[Saved data entries]
(* Let $P$ be a full-dimensional convex polytope in $\mathbb{R}^d$ and let $f:\mathbb{R}^d\to\mathbb{C}$ be continuous on $P$ and equal to $0$ outside $P$. Then $$\sum_{x\in\mathbb{Z}^d}f(x)\,\omega_P(x) = \lim_{\epsilon\to0^+}\sum_{x\in\mathbb{Z}^d}(f*\mathcal{G}_\epsilon)(x).$$
   Context: $\mathcal{G}_\epsilon(x) := \epsilon^{-d/2}e^{-\pi\|x\|^2/\epsilon}$ for $\epsilon>0$; $*$ is convolution; $\omega_P(x) := \lim_{r\to0^+}\frac{\mathrm{vol}(B(x,r)\cap P)}{\mathrm{vol}(B(x,r))}$. The left-hand side is a finite sum since $P$ is compact. *)

theory Defs
  imports "HOL-Analysis.Analysis"
begin

definition int_lattice :: "(real ^ 'n) set" where
  "int_lattice = {x. \<forall>i. x $ i \<in> \<int>}"

definition gauss_kernel :: "real \<Rightarrow> real ^ 'n \<Rightarrow> real" where
  "gauss_kernel eps x = eps powr (- real CARD('n) / 2) * exp (- pi * (norm x)^2 / eps)"

definition gauss_conv :: "real \<Rightarrow> (real ^ 'n \<Rightarrow> complex) \<Rightarrow> real ^ 'n \<Rightarrow> complex" where
  "gauss_conv eps f x = (\<integral>y. f y * complex_of_real (gauss_kernel eps (x - y)) \<partial>lborel)"

definition solid_angle :: "(real ^ 'n) set \<Rightarrow> real ^ 'n \<Rightarrow> real" where
  "solid_angle P x = Lim (at_right 0)
     (\<lambda>r. measure lebesgue (ball x r \<inter> P) / measure lebesgue (ball x r))"
(* Let $M$ be a model with borders and let $f:M^s\to U(n)$ be the unique p-morphism (with image $M_{\wedge,\to}$). For any $w\in M^s$ and any $(\wedge,\to)$-formula $\varphi$, \[ M,w\models\varphi \iff M_{\wedge,\to},f(w)\models\varphi. \]
   Context: Fix $n\ge1$ and variables $p_1,\dots,p_n$; $2^n=\{0,1\}^n$ with componentwise order. A model is $(M,\le,c)$, $(M,\le)$ a poset, $c:M\to 2^n$ order-preserving, with intuitionistic Kripke semantics. A p-morphism of models is an order- and colour-preserving map $f$ such that $f(x)\le y$ implies $f(x')=y$ for some $x'\ge x$. A $(\wedge,\to)$-formula uses only $\wedge$ and $\to$. A point $x$ is a $q$-border point if $x\not\models q$ and all $y>x$ satisfy $q$; $x$ is separated if it is a $q$-border point for some variable $q$. $M^s$: separated points with restricted order and colouring (a model in its own right; all its chains have at most $n$ elements). $M$ has borders if for every variable $p$ and every $x$ with $x\not\models p$ there is a $p$-border point $y\ge x$. $U(n)$ is the $n$-universal model: the generated submodel of the canonical model of IPC on $p_1,\dots,p_n$ (prime filters of the free Heyting algebra ordered by inclusion, $c(x)_i=1$ iff $p_i\in x$) consisting of points with finite up-set. For every model of finite depth there is a unique p-morphism into $U(n)$. $M_{\wedge,\to}$ is the image of the unique p-morphism $M^s\to U(n)$, a generated submodel of $U(n)$. *)

theory Defs
  imports Main
begin
(* Let $v:\mathbb{T}\to\mathbb{R}$ be a real-valued function on the unit circle $\mathbb{T}=\{|w|=1\}$ which is analytic (i.e. extends holomorphically to an open neighborhood of $\mathbb{T}$). Let $\mathsf{T}(v)=\pi_\bullet v\,\pi_\bullet$ be the Toeplitz operator with symbol $v$ on the Hardy space $H_\bullet$, and $\mathsf{T}_+(v)=\pi_+ v\,\pi_+$. Then the spectral shift function $\xi_{\mathsf{T}_+(v)/\mathsf{T}(v)}$ of $\mathsf{T}(v)$ at the vacuum vector $|0\rangle=w^0$ is $$2\pi\cdot \xi_{\mathsf{T}_+(v)/\mathsf{T}(v)}(c)=(v_*d\theta)\big((-\infty,c)\big),$$ i.e. $\xi_{\mathsf{T}_+(v)/\mathsf{T}(v)}(c)=\frac{1}{2\pi}\,\mathrm{Leb}\{\theta\in[0,2\pi):v(e^{\mathbf{i}\theta})<c\}$ is the distribution function of the push-forward along $v$ of the normalized uniform (Haar) measure on $\mathbb{T}$.
   Context: $L^2(\mathbb{T})$ carries the pairing $\langle f,g\rangle=\frac{1}{2\pi\mathbf{i}}\oint_{|w|=1}\overline{f(w)}g(w)\frac{dw}{w}$. The Hardy space $H_\bullet$ is the closure of $\mathbb{C}[w]$ in $L^2(\mathbb{T})$; $\pi_\bullet$ is the orthogonal projection of $L^2(\mathbb{T})$ onto $H_\bullet$ (killing negative powers of $w$), $\pi_0=|0\rangle\langle 0|$ is projection onto the constants, and $\pi_+=\pi_\bullet-\pi_0$ is projection onto the closed span of $w^h$, $h\ge 1$. For a bounded self-adjoint $T$ on $H_\bullet$ and $T_+=\pi_+T\pi_+$, the operators $T^l-T_+^l$ are trace class, and the spectral shift function $\xi_{T_+/T}$ is the distribution function satisfying $\mathrm{Tr}(T^l-T_+^l)=\int_{-\infty}^\infty c^l\,d\xi_{T_+/T}(c)$ for all $l\in\mathbb{N}$ (equivalently $\langle 0|(u-T)^{-1}|0\rangle=\exp\big(\int\log\frac{1}{u-c}\,d\xi_{T_+/T}(c)\big)$). *)

theory Defs
  imports "HOL-Complex_Analysis.Complex_Analysis"
begin

text \<open>Infinite matrices indexed by nat x nat represent operators on the Hardy space
  H_bullet in its orthonormal basis w^0, w^1, w^2, ...  (index j stands for w^j).\<close>

type_synonym imat = "nat \<Rightarrow> nat \<Rightarrow> complex"

definition fourier_coeff :: "(complex \<Rightarrow> real) \<Rightarrow> int \<Rightarrow> complex" where
  "fourier_coeff v n =
     integral {0..2*pi} (\<lambda>\<theta>. complex_of_real (v (cis \<theta>)) * cis (- (of_int n * \<theta>))) / complex_of_real (2*pi)"

text \<open>Matrix of the Toeplitz operator T(v) = pi_bullet v pi_bullet:
  entry (j,k) is <w^j | v w^k> = hat v (j - k).\<close>
definition toeplitz_mat :: "(complex \<Rightarrow> real) \<Rightarrow> imat" where
  "toeplitz_mat v j k = fourier_coeff v (int j - int k)"

text \<open>Matrix of T_+(v) = pi_+ T(v) pi_+ (pi_+ kills the basis vector w^0).\<close>
definition toeplitz_plus_mat :: "(complex \<Rightarrow> real) \<Rightarrow> imat" where
  "toeplitz_plus_mat v j k = (if 1 \<le> j \<and> 1 \<le> k then toeplitz_mat v j k else 0)"

definition imat_mult :: "imat \<Rightarrow> imat \<Rightarrow> imat" where
  "imat_mult A B j k = (\<Sum>m. A j m * B m k)"

definition imat_id :: imat where
  "imat_id j k = (if j = k then 1 else 0)"

fun imat_pow :: "imat \<Rightarrow> nat \<Rightarrow> imat" where
  "imat_pow A 0 = imat_id"
| "imat_pow A (Suc l) = imat_mult (imat_pow A l) A"

definition analytic_on_circle :: "(complex \<Rightarrow> real) \<Rightarrow> bool" where
  "analytic_on_circle v \<longleftrightarrow>
     (\<exists>S g. open S \<and> sphere 0 1 \<subseteq> S \<and> g holomorphic_on S \<and>
            (\<forall>w\<in>sphere 0 1. g w = complex_of_real (v w)))"

definition ssf_claim :: "(complex \<Rightarrow> real) \<Rightarrow> real \<Rightarrow> real" where
  "ssf_claim v c = measure lborel {\<theta>\<in>{0..<2*pi}. v (cis \<theta>) < c} / (2*pi)"

end

theory Submission
  imports Defs
begin

text \<open>An analytic symbol v has geometrically decaying Fourier coefficients a (shift the contour of
  the Laurent integral to either boundary circle of an annulus of holomorphy), and its Fourier series
  converges absolutely, so the Fourier coefficients c_l of v^l are the convolution powers of a. By
  induction on l, the entry (j, k) of T(v)^l differs from c_l(j - k) by O(r^k) for some r < 1.
  Since T_+(v)^l is T(v)^l shifted by one step along the diagonal, the partial sums of the diagonal
  differences telescope to the entry (N, N) of T(v)^l, which tends to
  c_l(0) = (1/2pi) * integral of v(e^(i theta))^l over [0, 2pi], the l-th moment of the push-forward
  of d theta / 2pi along v.\<close>

section \<open>Contour integrals over circles\<close>

lemma annulus_subset_open:
  assumes "open S" "sphere (0::complex) 1 \<subseteq> S"
  obtains e where "0 < e" "e < 1" "\<And>z. 1 - e < norm z \<Longrightarrow> norm z < 1 + e \<Longrightarrow> z \<in> S"
proof -
  obtain \<epsilon> where \<epsilon>: "\<epsilon> > 0" "(\<Union>x\<in>sphere (0::complex) 1. ball x \<epsilon>) \<subseteq> S"
    using compact_subset_open_imp_ball_epsilon_subset[OF compact_sphere assms] by blast
  define e where "e = min \<epsilon> (1/2)"
  have e: "0 < e" "e < 1" using \<epsilon> by (auto simp: e_def)
  moreover have "z \<in> S" if "1 - e < norm z" "norm z < 1 + e" for z
  proof -
    have "norm z > 0" using that e by linarith
    define x where "x = z / of_real (norm z)"
    have x: "x \<in> sphere 0 1" using \<open>norm z > 0\<close> by (simp add: x_def norm_divide)
    have "z - x = of_real (norm z - 1) * x" using \<open>norm z > 0\<close> by (simp add: x_def field_simps)
    then have "dist x z = norm (of_real (norm z - 1) * x)"
      by (metis dist_norm dist_commute)
    also have "\<dots> = \<bar>norm z - 1\<bar>" using x by (simp only: norm_mult norm_of_real) simp
    finally have "dist x z = \<bar>norm z - 1\<bar>" .
    then have "z \<in> ball x \<epsilon>" using that by (auto simp: e_def dist_commute)
    then show ?thesis using \<epsilon> x by blast
  qed
  ultimately show ?thesis using that by blast
qed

• EXERCISE
The lines to extract from the data above begin with the line containing "Lim (at_right 0)" and end with the line containing "(* Let $M$ be". Extract them exactly, including both.

• WRITTEN ANSWER
  "solid_angle P x = Lim (at_right 0)
     (\<lambda>r. measure lebesgue (ball x r \<inter> P) / measure lebesgue (ball x r))"
(* Let $M$ be a model with borders and let $f:M^s\to U(n)$ be the unique p-morphism (with image $M_{\wedge,\to}$). For any $w\in M^s$ and any $(\wedge,\to)$-formula $\varphi$, \[ M,w\models\varphi \iff M_{\wedge,\to},f(w)\models\varphi. \]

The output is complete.